# 826 Is this a GOOD model?



## burt8810 (Nov 28, 2019)

Saw ad for 826 it's not real close to me so I asked seller if he could find a 5 digit number for me. He knew where to look but said it was gone. Said he did not try to start it. It's his dad's and has been sitting for 2 years. It's apparently just a plain 826 no letters before or after. It has the large drum type auger, asking $125. Seems that Toro had a number of ways to get differential action several of which seem to use a dog-clutch mechanism. Anyone know if this is likely to have that. I'm really not looking for that. Don't want to make the trip to look at the machine if it's not a desirable model. Also I assume it's new enough that it's a "squeeze the handle" to engage the drive and blower.

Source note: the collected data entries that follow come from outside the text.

lemma block_selecting_dfa:
  fixes A :: "(nat, 'a::countable) dfa" and u :: "'a list"
  assumes wf: "wf_dfa A" and sc: "strongly_connected A" and inf: "infinite (selected A \<alpha>)"
  obtains B :: "(nat, 'a) dfa" and M
  where "wf_dfa B" and "strongly_connected B" and "selected B \<alpha> = enumerate (selected A \<alpha>) ` M"
    and "\<And>m. length u \<le> m \<Longrightarrow> m \<in> M \<longleftrightarrow> occurs_at u (dfa_select A \<alpha>) (m - length u)"
proof -
  let ?k = "length u"
  let ?step = "window_step A ?k (mark u)"
  txt \<open>Start with a full window, reached by a cycle through the start state: from a full window
    every reachable configuration can be reset to the initial one, so \<open>B\<close> is strongly connected.\<close>
  obtain w0 where cycle: "foldl (delta A) (start A) w0 = start A"
    and long: "?k \<le> length (select_letters A (start A) w0)"
    using exists_selecting_cycle[OF wf sc inf] .
  define x0 where "x0 = take_last ?k (map (mark u) (select_letters A (start A) w0))"
  have x0: "length x0 \<le> ?k" "set x0 \<subseteq> range (mark u)"
    unfolding x0_def using length_take_last set_take_last by fastforce+
  have z0: "foldl ?step (start A, []) w0 = (start A, x0)"
    using cycle by (simp add: x0_def foldl_window_step)
  define B where "B = reachable_dfa ?step (start A, x0) {z. fst z \<in> accept A \<and> snd z = map Some u}"
  define M where "M = {m. take_last ?k (x0 @ map (mark u \<circ> dfa_select A \<alpha>) [0..<m]) = map Some u}"
  have "wf_dfa B"
    using wf x0 finite_range_mark unfolding B_def
    by (intro wf_reachable_dfa finite_window_reachable) (simp_all add: wf_dfa_def)
  moreover have "strongly_connected B"
    unfolding B_def using window_returns[OF wf sc cycle long, of "mark u"]
    by (intro strongly_connected_reachable_dfa) (simp only: z0)
  moreover have "selected B \<alpha> = enumerate (selected A \<alpha>) ` M"
    unfolding B_def M_def by (rule selected_window_dfa[OF inf x0(1)])
  moreover have "m \<in> M \<longleftrightarrow> occurs_at u (dfa_select A \<alpha>) (m - ?k)" if "?k \<le> m" for m
    unfolding M_def using take_last_mark_eq_iff[OF that] by simp
  ultimately show ?thesis
    using that by blast
qed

Once looked at an old Ariens that was the opposite.
Anyone have an opinion if this is one of the "good" ones?
Thanks
Herb


----------



## paulm12 (May 22, 2015)

well there were the old (late 70's thru early 80's ??) model 826's, and now there are the Power Max 826's from I think early 2000's. You can look at some info here on Toro history:









TORO History Picture Page.


This is the Evolution of the Toro snowblower. I do not lay claim to any of these pics. they have pulled from the world wide web. I only claim The Brothers. so everybody feel free to post all the other models From TORO. I am not affiliated with TORO in any way . and if there are mistakes just let...




www.snowblowerforum.com





If it has the drum type auger it sounds like the early model. Those are heavy, well built machines. 

You can find parts lists here: Parts | Toro or here: 38150 - WEINGARTZ

tx


----------